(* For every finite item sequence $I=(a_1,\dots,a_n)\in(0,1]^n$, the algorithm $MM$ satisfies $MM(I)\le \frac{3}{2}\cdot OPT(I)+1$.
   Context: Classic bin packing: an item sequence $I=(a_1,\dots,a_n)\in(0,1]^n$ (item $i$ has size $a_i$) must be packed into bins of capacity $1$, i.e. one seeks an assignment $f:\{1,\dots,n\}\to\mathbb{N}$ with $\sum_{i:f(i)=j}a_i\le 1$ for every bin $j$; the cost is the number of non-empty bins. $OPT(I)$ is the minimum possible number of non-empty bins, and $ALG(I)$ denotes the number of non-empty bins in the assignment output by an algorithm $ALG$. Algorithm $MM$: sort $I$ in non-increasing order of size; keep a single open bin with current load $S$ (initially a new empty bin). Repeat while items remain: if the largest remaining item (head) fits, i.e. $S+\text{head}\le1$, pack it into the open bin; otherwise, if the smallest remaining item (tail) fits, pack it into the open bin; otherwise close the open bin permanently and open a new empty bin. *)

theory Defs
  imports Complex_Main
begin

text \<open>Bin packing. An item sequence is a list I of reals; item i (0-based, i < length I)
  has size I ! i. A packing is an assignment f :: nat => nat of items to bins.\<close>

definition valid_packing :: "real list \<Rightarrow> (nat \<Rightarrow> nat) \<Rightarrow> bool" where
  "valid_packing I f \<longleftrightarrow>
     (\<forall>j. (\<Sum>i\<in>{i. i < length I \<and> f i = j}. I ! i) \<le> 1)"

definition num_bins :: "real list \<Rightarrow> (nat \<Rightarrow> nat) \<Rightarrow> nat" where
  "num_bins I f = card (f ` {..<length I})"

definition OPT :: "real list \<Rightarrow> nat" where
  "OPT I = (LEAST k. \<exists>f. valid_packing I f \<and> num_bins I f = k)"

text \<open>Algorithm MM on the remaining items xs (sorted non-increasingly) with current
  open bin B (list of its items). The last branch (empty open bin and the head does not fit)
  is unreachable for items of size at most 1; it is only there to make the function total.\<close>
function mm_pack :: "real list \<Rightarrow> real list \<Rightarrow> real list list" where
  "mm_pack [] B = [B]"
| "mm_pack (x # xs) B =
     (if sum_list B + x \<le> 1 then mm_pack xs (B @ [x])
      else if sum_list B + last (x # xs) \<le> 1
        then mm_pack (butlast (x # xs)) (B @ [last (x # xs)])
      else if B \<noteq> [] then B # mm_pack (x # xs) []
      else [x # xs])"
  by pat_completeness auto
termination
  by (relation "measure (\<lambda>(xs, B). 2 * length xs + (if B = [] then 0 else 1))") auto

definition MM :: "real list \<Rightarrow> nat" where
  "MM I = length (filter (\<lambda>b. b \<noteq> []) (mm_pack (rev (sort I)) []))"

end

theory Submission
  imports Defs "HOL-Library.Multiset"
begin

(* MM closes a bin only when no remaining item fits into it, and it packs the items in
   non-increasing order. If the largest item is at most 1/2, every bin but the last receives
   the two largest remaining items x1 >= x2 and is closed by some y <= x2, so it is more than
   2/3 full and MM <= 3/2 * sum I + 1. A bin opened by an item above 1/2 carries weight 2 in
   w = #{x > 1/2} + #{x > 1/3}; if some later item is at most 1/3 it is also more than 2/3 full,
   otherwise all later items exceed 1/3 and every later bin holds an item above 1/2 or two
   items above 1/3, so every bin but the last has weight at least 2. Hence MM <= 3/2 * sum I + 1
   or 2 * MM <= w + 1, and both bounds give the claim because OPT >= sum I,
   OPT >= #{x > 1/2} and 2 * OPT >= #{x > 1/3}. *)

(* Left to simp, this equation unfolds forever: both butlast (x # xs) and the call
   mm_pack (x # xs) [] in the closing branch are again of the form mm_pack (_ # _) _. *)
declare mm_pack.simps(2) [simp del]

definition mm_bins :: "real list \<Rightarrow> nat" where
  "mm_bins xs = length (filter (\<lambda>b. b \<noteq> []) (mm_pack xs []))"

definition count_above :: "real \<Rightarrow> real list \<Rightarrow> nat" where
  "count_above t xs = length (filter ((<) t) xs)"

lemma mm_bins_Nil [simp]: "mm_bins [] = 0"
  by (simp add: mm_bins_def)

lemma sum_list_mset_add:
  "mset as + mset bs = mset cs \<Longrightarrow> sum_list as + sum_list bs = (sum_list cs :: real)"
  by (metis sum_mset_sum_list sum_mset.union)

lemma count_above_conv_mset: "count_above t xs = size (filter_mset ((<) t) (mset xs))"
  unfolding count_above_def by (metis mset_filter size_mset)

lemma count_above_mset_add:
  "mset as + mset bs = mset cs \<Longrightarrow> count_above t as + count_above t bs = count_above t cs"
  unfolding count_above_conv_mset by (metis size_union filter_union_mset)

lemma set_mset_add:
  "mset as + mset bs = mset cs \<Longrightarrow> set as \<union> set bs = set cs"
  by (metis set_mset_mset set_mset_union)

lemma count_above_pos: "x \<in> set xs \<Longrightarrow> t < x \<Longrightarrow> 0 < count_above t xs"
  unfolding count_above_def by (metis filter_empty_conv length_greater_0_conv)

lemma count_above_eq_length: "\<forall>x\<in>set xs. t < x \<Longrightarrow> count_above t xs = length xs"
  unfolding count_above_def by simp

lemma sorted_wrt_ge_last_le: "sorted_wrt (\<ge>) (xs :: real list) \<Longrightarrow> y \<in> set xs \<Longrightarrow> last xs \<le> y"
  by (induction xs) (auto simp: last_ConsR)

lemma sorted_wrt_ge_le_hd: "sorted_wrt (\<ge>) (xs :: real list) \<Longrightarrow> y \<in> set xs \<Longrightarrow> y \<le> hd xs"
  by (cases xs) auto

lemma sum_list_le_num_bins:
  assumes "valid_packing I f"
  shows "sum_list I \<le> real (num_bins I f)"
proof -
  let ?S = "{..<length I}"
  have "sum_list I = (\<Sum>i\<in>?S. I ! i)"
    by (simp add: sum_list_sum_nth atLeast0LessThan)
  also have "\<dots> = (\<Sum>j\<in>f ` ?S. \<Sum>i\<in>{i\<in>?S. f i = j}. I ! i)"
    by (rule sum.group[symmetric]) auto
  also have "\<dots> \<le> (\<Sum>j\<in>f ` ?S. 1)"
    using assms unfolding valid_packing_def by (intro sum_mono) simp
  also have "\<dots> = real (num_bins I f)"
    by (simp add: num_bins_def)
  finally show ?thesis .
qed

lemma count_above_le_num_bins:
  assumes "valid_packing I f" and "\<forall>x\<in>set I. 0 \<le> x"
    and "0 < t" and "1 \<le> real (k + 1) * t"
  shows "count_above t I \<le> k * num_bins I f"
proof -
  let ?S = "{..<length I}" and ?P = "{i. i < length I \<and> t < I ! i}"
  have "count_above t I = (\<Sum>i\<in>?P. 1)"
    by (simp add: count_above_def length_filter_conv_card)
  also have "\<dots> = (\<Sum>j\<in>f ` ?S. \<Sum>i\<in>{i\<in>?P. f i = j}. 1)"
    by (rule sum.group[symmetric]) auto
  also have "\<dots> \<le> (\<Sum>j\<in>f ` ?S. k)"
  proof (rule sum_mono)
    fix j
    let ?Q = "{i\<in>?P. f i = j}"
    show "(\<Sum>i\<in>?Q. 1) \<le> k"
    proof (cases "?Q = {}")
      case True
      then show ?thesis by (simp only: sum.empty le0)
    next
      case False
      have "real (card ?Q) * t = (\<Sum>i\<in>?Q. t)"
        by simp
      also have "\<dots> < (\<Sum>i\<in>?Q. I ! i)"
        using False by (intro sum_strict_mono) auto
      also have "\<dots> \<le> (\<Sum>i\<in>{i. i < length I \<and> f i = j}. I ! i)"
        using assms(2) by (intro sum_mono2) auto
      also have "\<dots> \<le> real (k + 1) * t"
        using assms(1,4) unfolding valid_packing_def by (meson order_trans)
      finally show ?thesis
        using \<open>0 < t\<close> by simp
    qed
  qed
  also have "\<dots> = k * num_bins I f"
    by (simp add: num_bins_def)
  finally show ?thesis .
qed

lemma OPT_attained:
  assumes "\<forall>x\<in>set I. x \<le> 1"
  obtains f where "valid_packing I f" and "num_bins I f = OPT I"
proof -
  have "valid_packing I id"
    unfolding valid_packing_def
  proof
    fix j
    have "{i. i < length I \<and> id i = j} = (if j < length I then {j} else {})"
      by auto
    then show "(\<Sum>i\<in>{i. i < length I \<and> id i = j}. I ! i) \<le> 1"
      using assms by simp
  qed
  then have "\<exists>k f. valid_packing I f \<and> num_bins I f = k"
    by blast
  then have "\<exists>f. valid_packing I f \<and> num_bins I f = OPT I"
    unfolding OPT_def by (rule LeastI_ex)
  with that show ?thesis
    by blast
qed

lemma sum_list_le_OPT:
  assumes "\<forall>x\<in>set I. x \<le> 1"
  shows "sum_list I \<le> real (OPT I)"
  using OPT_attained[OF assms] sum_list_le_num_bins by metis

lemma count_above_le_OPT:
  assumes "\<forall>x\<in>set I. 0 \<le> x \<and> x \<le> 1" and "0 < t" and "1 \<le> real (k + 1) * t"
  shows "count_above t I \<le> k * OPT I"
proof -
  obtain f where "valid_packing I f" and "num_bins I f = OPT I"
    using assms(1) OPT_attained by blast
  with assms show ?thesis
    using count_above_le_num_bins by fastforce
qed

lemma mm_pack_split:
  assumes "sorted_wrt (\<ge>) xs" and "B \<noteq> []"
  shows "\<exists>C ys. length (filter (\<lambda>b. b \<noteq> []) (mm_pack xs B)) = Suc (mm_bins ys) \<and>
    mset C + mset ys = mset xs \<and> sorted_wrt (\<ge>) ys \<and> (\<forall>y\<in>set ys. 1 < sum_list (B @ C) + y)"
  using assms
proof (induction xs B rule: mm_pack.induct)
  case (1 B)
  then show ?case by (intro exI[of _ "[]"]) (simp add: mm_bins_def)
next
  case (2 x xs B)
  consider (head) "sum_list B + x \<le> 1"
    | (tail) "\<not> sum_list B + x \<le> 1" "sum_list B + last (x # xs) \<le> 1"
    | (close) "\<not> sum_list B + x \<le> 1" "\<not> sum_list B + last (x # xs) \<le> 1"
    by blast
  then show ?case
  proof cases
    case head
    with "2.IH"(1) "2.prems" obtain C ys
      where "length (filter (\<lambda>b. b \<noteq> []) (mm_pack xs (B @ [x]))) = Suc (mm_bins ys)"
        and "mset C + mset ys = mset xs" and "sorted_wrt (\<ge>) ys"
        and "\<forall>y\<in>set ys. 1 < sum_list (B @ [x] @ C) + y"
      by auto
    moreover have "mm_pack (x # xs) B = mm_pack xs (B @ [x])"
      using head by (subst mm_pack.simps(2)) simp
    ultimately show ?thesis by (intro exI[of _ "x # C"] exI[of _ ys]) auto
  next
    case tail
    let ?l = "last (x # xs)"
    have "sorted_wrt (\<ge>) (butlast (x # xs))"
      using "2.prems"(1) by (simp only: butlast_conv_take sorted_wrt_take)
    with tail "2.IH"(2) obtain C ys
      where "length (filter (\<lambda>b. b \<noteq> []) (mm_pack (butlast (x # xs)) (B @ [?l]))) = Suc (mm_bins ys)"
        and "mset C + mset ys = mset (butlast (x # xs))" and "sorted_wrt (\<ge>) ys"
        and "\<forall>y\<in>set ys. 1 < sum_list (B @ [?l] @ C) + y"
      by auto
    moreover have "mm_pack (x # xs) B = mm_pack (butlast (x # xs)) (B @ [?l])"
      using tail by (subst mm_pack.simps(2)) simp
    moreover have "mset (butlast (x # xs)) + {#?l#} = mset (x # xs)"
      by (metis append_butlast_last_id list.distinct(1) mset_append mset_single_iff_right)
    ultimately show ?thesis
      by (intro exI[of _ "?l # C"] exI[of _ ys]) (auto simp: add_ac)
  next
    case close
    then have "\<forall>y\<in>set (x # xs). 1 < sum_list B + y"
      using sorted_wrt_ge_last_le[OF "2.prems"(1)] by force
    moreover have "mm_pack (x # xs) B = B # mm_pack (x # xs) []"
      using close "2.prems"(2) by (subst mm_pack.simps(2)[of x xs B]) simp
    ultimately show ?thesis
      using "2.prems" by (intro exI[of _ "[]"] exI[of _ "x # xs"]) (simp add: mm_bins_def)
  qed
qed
··········
Copy out each line of the data that includes the string "prems".

TASK RESPONSE =
    with "2.IH"(1) "2.prems" obtain C ys
      using "2.prems"(1) by (simp only: butlast_conv_take sorted_wrt_take)
      using sorted_wrt_ge_last_le[OF "2.prems"(1)] by force
      using close "2.prems"(2) by (subst mm_pack.simps(2)[of x xs B]) simp
      using "2.prems" by (intro exI[of _ "[]"] exI[of _ "x # xs"]) (simp add: mm_bins_def)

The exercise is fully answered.